And the envelope, please.
With more than 60,000 pieces of property in the Kenai Peninsula Borough, the assessor's office has its hands full. Assessment notices were mailed March 5 to borough property owners.
Certified real property values in the borough for 2001 are projected to reach $2.9 billion, a 1.78 percent increase over 2000, according to material provided by Shane Horan, the borough assessor.
"This is a very widespread, very wide open, very diverse area," Horan said. "I certainly encourage folks to come in and peruse their property cards just to make sure we have the information correct.
"We have five to six fine qualified appraisers out in the field. And we all do make mistakes, and we are limited in that when we're out in the field, I would estimate that 90 percent of the people aren't home. As a result, we have to make our best estimate as to the quality and condition of the improvements."
Property owners also have an opportunity to appeal. State statute and borough code provide a 30-day window during which owners may notify the assessor of errors or omissions in the assessment.
"The written appeal needs to be filed no later than April 4," Horan said. "It needs to be hand delivered to the (borough) clerk's office or postmarked by that date."
On Friday -- 10 days after the notices were mailed -- Horan said the borough had received approximately 200 appeals.

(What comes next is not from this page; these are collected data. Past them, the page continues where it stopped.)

(* Let $B>0$, $\beta>0$, and $\mathcal{G}\subseteq\mathbb{R}^d$. Then $\mathcal{M}_{B,\beta}$ is $\max_{\boldsymbol g\in\mathcal{G}}\sum_{i=1}^d\log\left(1+\frac{1}{\beta+\mathrm{dist}(g_i,\mathcal{C}_B)}\right)$-differentially private on $\mathcal{G}$.
   Context: For $B>0$, $\mathrm{clip}\{g,B\}=\max\{-B,\min\{B,g\}\}$. The randomized compressor $\mathcal{M}_{B,\beta}:\mathbb{R}^d\to\{-1,1\}^d$ acts independently on each coordinate: $[\mathcal{M}_{B,\beta}]_i(\boldsymbol g)=1$ with probability $\frac{B+\beta+\mathrm{clip}\{g_i,B\}}{2B+2\beta}$ and $=-1$ otherwise, where $g_i$ is the $i$-th coordinate of $\boldsymbol g$. Let $\mathcal{C}_B=(-\infty,-B)\cup(B,\infty)$ and for $g\in\mathbb{R}$ let $\mathrm{dist}(g,\mathcal{C}_B)=\inf_{g'\in\mathcal{C}_B}|g-g'|$. A randomized algorithm $\mathcal{M}$ is $\epsilon$-differentially private on $\mathcal{G}$ if $\Pr[\mathcal{M}(x)\in\mathcal{S}]\le e^{\epsilon}\Pr[\mathcal{M}(y)\in\mathcal{S}]$ for all subsets $\mathcal{S}$ of its range and all $x,y\in\mathcal{G}$ with $\|x-y\|_1\le1$. *)

theory Defs
  imports "HOL-Analysis.Analysis" "HOL-Probability.Probability"
begin

definition clip :: "real \<Rightarrow> real \<Rightarrow> real" where
  "clip g B = max (- B) (min B g)"

definition plus_prob :: "real \<Rightarrow> real \<Rightarrow> real \<Rightarrow> real" where
  "plus_prob B \<beta> g = (B + \<beta> + clip g B) / (2 * B + 2 * \<beta>)"

definition compressor :: "real \<Rightarrow> real \<Rightarrow> real ^ 'n \<Rightarrow> ('n \<Rightarrow> int) pmf" where
  "compressor B \<beta> g =
     Pi_pmf UNIV 0 (\<lambda>i. map_pmf (\<lambda>b. if b then 1 else -1)
                                  (bernoulli_pmf (plus_prob B \<beta> (g $ i))))"

definition CB :: "real \<Rightarrow> real set" where
  "CB B = {..< - B} \<union> {B <..}"

definition diff_private_on :: "real \<Rightarrow> (real ^ 'n) set \<Rightarrow> (real ^ 'n \<Rightarrow> 'b pmf) \<Rightarrow> bool" where
  "diff_private_on \<epsilon> G M \<longleftrightarrow>
     (\<forall>x\<in>G. \<forall>y\<in>G. (\<Sum>i\<in>UNIV. \<bar>x $ i - y $ i\<bar>) \<le> 1 \<longrightarrow>
        (\<forall>S. measure_pmf.prob (M x) S \<le> exp \<epsilon> * measure_pmf.prob (M y) S))"

end

theory Submission
  imports Defs
begin

(* Each coordinate of the output is a +1/-1 coin whose bias is an affine function of the clipped
  input. Moving the input by at most 1 moves the clipped value, hence the numerator of either
  probability, by at most 1; and the numerator is at least beta + dist(g_i, C_B). So the likelihood
  ratio per coordinate is at most 1 + 1 / (beta + dist(g_i, C_B)), and by independence of the
  coordinates the ratio of the product distributions is at most the product of these factors. *)

lemma add_one_le_one_plus_inverse_mult:
  fixes s t :: real
  assumes "0 < s" and "s \<le> t"
  shows "t + 1 \<le> (1 + 1 / s) * t"
proof -
  have "1 \<le> t / s" using assms by simp
  then show ?thesis by (simp add: algebra_simps)
qed

lemma measure_pmf_le_of_pmf_le:
  assumes "\<And>x. pmf p x \<le> c * pmf q x"
  shows "measure_pmf.prob p S \<le> c * measure_pmf.prob q S"
proof -
  have "measure_pmf.prob p S = infsetsum (pmf p) S"
    by (rule measure_pmf_conv_infsetsum)
  also have "\<dots> \<le> infsetsum (\<lambda>x. c * pmf q x) S"
    by (intro infsetsum_mono assms abs_summable_on_cmult_right pmf_abs_summable)
  also have "\<dots> = c * measure_pmf.prob q S"
    by (simp add: infsetsum_cmult_right pmf_abs_summable measure_pmf_conv_infsetsum)
  finally show ?thesis .
qed

lemma pmf_Pi_pmf_le:
  assumes "finite A" and "\<And>i v. pmf (p i) v \<le> r i * pmf (q i) v"
  shows "pmf (Pi_pmf A d p) f \<le> prod r A * pmf (Pi_pmf A d q) f"
  using assms by (auto simp: pmf_Pi prod.distrib[symmetric] intro!: prod_mono)

lemma infdist_le_dist_closure:
  fixes A :: "'a::metric_space set"
  assumes "a \<in> closure A"
  shows "infdist x A \<le> dist x a"
proof -
  have "A \<noteq> {}" using assms by auto
  then have "infdist a A = 0" using assms in_closure_iff_infdist_zero by blast
  then show ?thesis using infdist_triangle[of x A a] by simp
qed

definition sign_pmf :: "real \<Rightarrow> int pmf" where
  "sign_pmf p = map_pmf (\<lambda>b. if b then 1 else -1) (bernoulli_pmf p)"

lemma pmf_sign_pmf:
  assumes "0 \<le> p" and "p \<le> 1"
  shows "pmf (sign_pmf p) v = (if v = 1 then p else if v = -1 then 1 - p else 0)"
proof -
  have "pmf (sign_pmf p) v = measure (bernoulli_pmf p) ((\<lambda>b. if b then 1 else -1) -` {v})"
    unfolding sign_pmf_def by (rule pmf_map)
  moreover have "(\<lambda>b. if b then 1 else -1) -` {v} =
      (if v = 1 then {True} else if v = -1 then {False} else {})"
    by (auto split: if_splits)
  ultimately show ?thesis using assms by (simp add: measure_pmf_single)
qed

lemma pmf_sign_pmf_le:
  assumes "0 \<le> p" "p \<le> 1" "0 \<le> q" "q \<le> 1"
    and "p \<le> c * q" and "1 - p \<le> c * (1 - q)"
  shows "pmf (sign_pmf p) v \<le> c * pmf (sign_pmf q) v"
  using assms by (simp add: pmf_sign_pmf)

lemma compressor_eq_Pi_pmf:
  "compressor B \<beta> g = Pi_pmf UNIV 0 (\<lambda>i. sign_pmf (plus_prob B \<beta> (g $ i)))"
  by (simp add: compressor_def sign_pmf_def)

lemma clip_abs_le: "B \<ge> 0 \<Longrightarrow> \<bar>clip g B\<bar> \<le> B"
  by (auto simp: clip_def)

lemma clip_dist_le: "\<bar>clip a B - clip b B\<bar> \<le> \<bar>a - b\<bar>"
  by (auto simp: clip_def)

lemma plus_prob_bounds:
  assumes "B \<ge> 0" and "\<beta> > 0"
  shows "0 \<le> plus_prob B \<beta> g" and "plus_prob B \<beta> g \<le> 1"
  using clip_abs_le[of B g] assms by (auto simp: plus_prob_def field_simps)

lemma closure_CB: "closure (CB B) = {..- B} \<union> {B..}"
  by (simp add: CB_def closure_Un)

lemma infdist_CB_le:
  assumes "B \<ge> 0"
  shows "infdist b (CB B) \<le> B - \<bar>clip b B\<bar>"
proof (cases "\<bar>b\<bar> \<le> B")
  case True
  have "infdist b (CB B) \<le> dist b (- B)" and "infdist b (CB B) \<le> dist b B"
    by (auto intro!: infdist_le_dist_closure simp: closure_CB)
  with True show ?thesis by (auto simp: clip_def dist_real_def)
next
  case False
  then have "b \<in> CB B" by (auto simp: CB_def)
  with False assms show ?thesis by (auto simp: clip_def)
qed

lemma plus_prob_le_mult:
  assumes "B \<ge> 0" and "\<beta> > 0" and "\<bar>a - b\<bar> \<le> 1"
  defines "\<rho> \<equiv> 1 + 1 / (\<beta> + infdist b (CB B))"
  shows "plus_prob B \<beta> a \<le> \<rho> * plus_prob B \<beta> b"
    and "1 - plus_prob B \<beta> a \<le> \<rho> * (1 - plus_prob B \<beta> b)"
proof -
  define K where "K = 2 * B + 2 * \<beta>"
  have "K > 0" using assms by (simp add: K_def)
  have signed: "(\<beta> + B + \<sigma> * clip a B) / K \<le> \<rho> * ((\<beta> + B + \<sigma> * clip b B) / K)"
    if "\<sigma> = 1 \<or> \<sigma> = -1" for \<sigma>
  proof -
    have "\<sigma> * clip a B \<le> \<sigma> * clip b B + 1"
      using that clip_dist_le[of a B b] assms(3) by auto
    moreover have "\<beta> + infdist b (CB B) \<le> \<beta> + B + \<sigma> * clip b B"
      using that infdist_CB_le[of B b] assms(1) by auto
    moreover have "0 < \<beta> + infdist b (CB B)"
      using assms(2) infdist_nonneg[of b "CB B"] by linarith
    ultimately have "\<beta> + B + \<sigma> * clip a B \<le> \<rho> * (\<beta> + B + \<sigma> * clip b B)"
      using add_one_le_one_plus_inverse_mult unfolding \<rho>_def by fastforce
    then show ?thesis using \<open>K > 0\<close> by (simp add: divide_right_mono)
  qed
  have plus: "plus_prob B \<beta> g = (\<beta> + B + 1 * clip g B) / K"
    and minus: "1 - plus_prob B \<beta> g = (\<beta> + B + (-1) * clip g B) / K" for g
    using \<open>K > 0\<close> by (simp_all add: plus_prob_def K_def field_simps)
  show "plus_prob B \<beta> a \<le> \<rho> * plus_prob B \<beta> b"
    unfolding plus using signed[of 1] by simp
  show "1 - plus_prob B \<beta> a \<le> \<rho> * (1 - plus_prob B \<beta> b)"
    unfolding minus using signed[of "-1"] by simp
qed

lemma pmf_compressor_le:
  assumes "B \<ge> 0" and "\<beta> > 0" and "\<And>i. \<bar>x $ i - y $ i\<bar> \<le> 1"
  shows "pmf (compressor B \<beta> x) \<omega> \<le>
    exp (\<Sum>i\<in>UNIV. ln (1 + 1 / (\<beta> + infdist (y $ i) (CB B)))) * pmf (compressor B \<beta> y) \<omega>"
proof -
  have "0 < 1 + 1 / (\<beta> + infdist (y $ i) (CB B))" for i
    using assms(2) infdist_nonneg[of "y $ i" "CB B"] by (simp add: add_pos_nonneg)
  then have "exp (\<Sum>i\<in>UNIV. ln (1 + 1 / (\<beta> + infdist (y $ i) (CB B)))) =
      (\<Prod>i\<in>UNIV. 1 + 1 / (\<beta> + infdist (y $ i) (CB B)))"
    by (simp add: exp_sum)
  moreover have "pmf (sign_pmf (plus_prob B \<beta> (x $ i))) v \<le>
      (1 + 1 / (\<beta> + infdist (y $ i) (CB B))) * pmf (sign_pmf (plus_prob B \<beta> (y $ i))) v" for i v
    using assms by (intro pmf_sign_pmf_le plus_prob_bounds plus_prob_le_mult)
  ultimately show ?thesis
    unfolding compressor_eq_Pi_pmf by (simp add: pmf_Pi_pmf_le)
qed

lemma ln_one_plus_inverse_le:
  fixes \<beta> d :: real
  assumes "\<beta> > 0" and "d \<ge> 0"
  shows "ln (1 + 1 / (\<beta> + d)) \<le> ln (1 + 1 / \<beta>)"
proof -
  have "1 / (\<beta> + d) \<le> 1 / \<beta>" using assms by (intro divide_left_mono) auto
  then show ?thesis using assms by (simp add: add_pos_nonneg)
qed

lemma bdd_above_privacy_loss:
  assumes "\<beta> > 0"
  shows "bdd_above ((\<lambda>g :: real ^ 'n. \<Sum>i\<in>UNIV. ln (1 + 1 / (\<beta> + infdist (g $ i) (CB B)))) ` G)"
proof (rule bdd_aboveI2)
  fix g :: "real ^ 'n"
  show "(\<Sum>i\<in>UNIV. ln (1 + 1 / (\<beta> + infdist (g $ i) (CB B)))) \<le> (\<Sum>i::'n\<in>UNIV. ln (1 + 1 / \<beta>))"
    by (intro sum_mono ln_one_plus_inverse_le assms infdist_nonneg)
qed

theorem theorem3:
  fixes B \<beta> :: real and G :: "(real ^ 'n) set"
  assumes "B > 0" and "\<beta> > 0"
  shows "diff_private_on
           (SUP g\<in>G. \<Sum>i\<in>UNIV. ln (1 + 1 / (\<beta> + infdist (g $ i) (CB B))))
           G (compressor B \<beta>)"
  unfolding diff_private_on_def
proof (intro ballI impI allI)
  fix x y :: "real ^ 'n" and S
  assume "x \<in> G" and "y \<in> G" and neighbours: "(\<Sum>i\<in>UNIV. \<bar>x $ i - y $ i\<bar>) \<le> 1"
  define loss where "loss g = (\<Sum>i\<in>UNIV. ln (1 + 1 / (\<beta> + infdist (g $ i) (CB B))))"
    for g :: "real ^ 'n"
  have "\<bar>x $ i - y $ i\<bar> \<le> 1" for i
    using member_le_sum[of i UNIV "\<lambda>i. \<bar>x $ i - y $ i\<bar>"] neighbours by simp
  then have "measure_pmf.prob (compressor B \<beta> x) S \<le>
      exp (loss y) * measure_pmf.prob (compressor B \<beta> y) S"
    unfolding loss_def using assms by (intro measure_pmf_le_of_pmf_le pmf_compressor_le) auto
  also have "\<dots> \<le> exp (SUP g\<in>G. loss g) * measure_pmf.prob (compressor B \<beta> y) S"
    using cSUP_upper[OF \<open>y \<in> G\<close> bdd_above_privacy_loss[OF assms(2)]]
    by (intro mult_right_mono) (simp_all add: loss_def)
  finally show "measure_pmf.prob (compressor B \<beta> x) S \<le>
      exp (SUP g\<in>G. loss g) * measure_pmf.prob (compressor B \<beta> y) S" .
qed

end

"Last year we had a total of 800 appeals that were formally filed," the assessor said. "It seems to be less this year."
Horan attributed the reason for the decrease to the areas that were assessed.
"(In 2000) we went through and reinspected Nanwalek, Port Graham, Seldovia, Halibut Cove, the southern Kachemak Bay remote properties, Ninilchik area and Anchor Point commercial properties," he said. "We didn't see a lot of value changes on those areas that we covered."
The previous year, the focus was on Cooper Landing, Moose Pass, Hope and Sunrise. The result was a 40.53 percent increase for that tax code area over 1999's certified values.
Property owners also are required to notify the assessor's office of any changes to structures or additional structures built on their property.
"To date we've had a fairly good response," Horan said. "I would estimate we've received probably five to 10 percent response from people who have asked us to come out if they have additions or remodels or detached garages they've constructed over the year.
If the assessor's office discovers escaped properties -- properties that haven't been assessed and placed on the main tax roll -- the properties are placed on a supplemental tax role. A bill, including accrued interest, is then sent to the property owner.
Next year's schedule for reinspection includes property in Soldotna and Kenai and an in-depth review of properties fronting the Kenai River, Horan said. The last time this area was addressed was approximately five years ago.
"We're starting to see certainly some sales along the river increase quite a bit above current assessments," Horan said. "That's an area we should certainly tend to."
He described this year's assessment process as "going real smooth overall."
"We're answering appeals as we can, as time allows," he said. "I just emphasize that people should come in and review their property files for accuracy. Notify us of address changes. Help us help you."